:: Provided information
(* Let $k,\ell>0$, $\pi_1\in\mathcal{T}_k$, $\pi_2\in\mathcal{T}_\ell$, let $t=\operatorname{slmax}(\pi_2)$, let $a_1,\dots,a_t$ be the values of the left-to-right maxima of $\mathcal{S}(\pi_2)$ in order, and let $1\le i\le t$. Let $$\pi=C_2(\pi_1,\pi_2,i)=\pi_1^{+(0,k,a_i)}\cdot(k+\ell+1)\cdot\pi_2^{+(k-1,a_i+1,k)}.$$ Then $\pi\in\mathcal{T}_{k+\ell+1}$, and $\operatorname{slmax}(\pi)=\operatorname{slmax}(\pi_1)+\operatorname{slmax}(\pi_2)-i+1$.
   Context: For a finite sequence $A$ of distinct integers, the stack-sorting operator $\mathcal{S}$ is defined by $\mathcal{S}(\epsilon)=\epsilon$ for the empty sequence and, if $A$ is non-empty with largest element $m$, writing $A=A_L\cdot(m)\cdot A_R$ (concatenation), $\mathcal{S}(A)=\mathcal{S}(A_L)\cdot\mathcal{S}(A_R)\cdot(m)$. For $n\ge1$, $\mathcal{T}_n$ is the set of permutations $\sigma\in\mathfrak{S}_n$ (viewed as sequences) with $\mathcal{S}(\mathcal{S}(\sigma))$ equal to the identity. For a sequence $\tau$ of integers and $k_1<k_2$, $\tau^{+(k_1,m,k_2)}$ is obtained by adding $k_1$ to each element strictly smaller than $m$ and $k_2$ to every other element. For a permutation $\sigma$, $\operatorname{slmax}(\sigma)$ is the number of left-to-right maxima of $\mathcal{S}(\sigma)$ (indices $i$ such that $\mathcal{S}(\sigma)(i)>\mathcal{S}(\sigma)(j)$ for all $j<i$). *)

theory Defs
  imports Main
begin

text \<open>Sequences are lists of natural numbers (permutations use values 1..n).
  The stack-sorting operator S: split at the maximum m, A = A_L m A_R,
  S(A) = S(A_L) S(A_R) m.\<close>

lemma takeWhile_neq_shorter:
  "m \<in> set xs \<Longrightarrow> length (takeWhile (\<lambda>y. y \<noteq> m) xs) < length xs"
  by (induction xs) auto

lemma tl_dropWhile_shorter:
  "xs \<noteq> [] \<Longrightarrow> length (tl (dropWhile P xs)) < length xs"
  using length_dropWhile_le[of P xs] by (cases xs) auto

function ssort :: "nat list \<Rightarrow> nat list" where
  "ssort [] = []"
| "ssort (x # xs) =
     (let m = Max (set (x # xs)) in
        ssort (takeWhile (\<lambda>y. y \<noteq> m) (x # xs))
        @ ssort (tl (dropWhile (\<lambda>y. y \<noteq> m) (x # xs))) @ [m])"
  by pat_completeness auto
termination
  apply (relation "measure length")
    apply simp
   apply (simp only: in_measure)
   apply (rule takeWhile_neq_shorter)
   apply (metis List.finite_set Max_in list.set_intros(1) empty_iff set_ConsD)
  apply (simp only: in_measure)
  apply (rule tl_dropWhile_shorter) apply simp
  done

definition perms :: "nat \<Rightarrow> nat list set" where
  "perms n = {\<sigma>. distinct \<sigma> \<and> set \<sigma> = {1..n}}"

definition T :: "nat \<Rightarrow> nat list set" where
  "T n = {\<sigma> \<in> perms n. ssort (ssort \<sigma>) = [1..<n+1]}"

definition shift :: "nat \<Rightarrow> nat \<Rightarrow> nat \<Rightarrow> nat list \<Rightarrow> nat list" where
  "shift k1 m k2 xs = map (\<lambda>x. if x < m then x + k1 else x + k2) xs"

definition ltr_max_vals :: "nat list \<Rightarrow> nat list" where
  "ltr_max_vals xs = [xs ! i. i \<leftarrow> [0..<length xs], \<forall>j<i. xs ! j < xs ! i]"

definition slmax :: "nat list \<Rightarrow> nat" where
  "slmax \<sigma> = length (ltr_max_vals (ssort \<sigma>))"

end

theory Submission
  imports Defs "HOL-Library.Multiset"
begin

text \<open>Two facts about stack-sorting drive the proof. First, S(w) is increasing exactly when w
  avoids the pattern 231, so a permutation lies in T_n iff its image under S avoids 231. Second,
  since k + l + 1 is the largest entry of pi, S(pi) is the shifted S(pi1), followed by the shifted
  S(pi2), followed by k + l + 1. In this concatenation every entry coming from S(pi1) is smaller
  than every entry coming from S(pi2), except the image k + a_i of the maximum k; a 231 pattern
  through k + a_i would give one in S(pi2) through its left-to-right maximum a_i. The left-to-right
  maxima of S(pi) are those of S(pi1), then those of S(pi2) exceeding a_i, i.e. the last t - i of
  them, and finally k + l + 1 itself.\<close>

section \<open>Stack-sorting\<close>

lemma split_at_elem:
  "m \<in> set w \<Longrightarrow> w = takeWhile (\<lambda>y. y \<noteq> m) w @ m # tl (dropWhile (\<lambda>y. y \<noteq> m) w)"
  by (induction w) auto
::::
## Activity
Report each line of the entries where the word "maximum" occurs.

## Answer below
  The stack-sorting operator S: split at the maximum m, A = A_L m A_R,
  than every entry coming from S(pi2), except the image k + a_i of the maximum k; a 231 pattern
  through k + a_i would give one in S(pi2) through its left-to-right maximum a_i. The left-to-right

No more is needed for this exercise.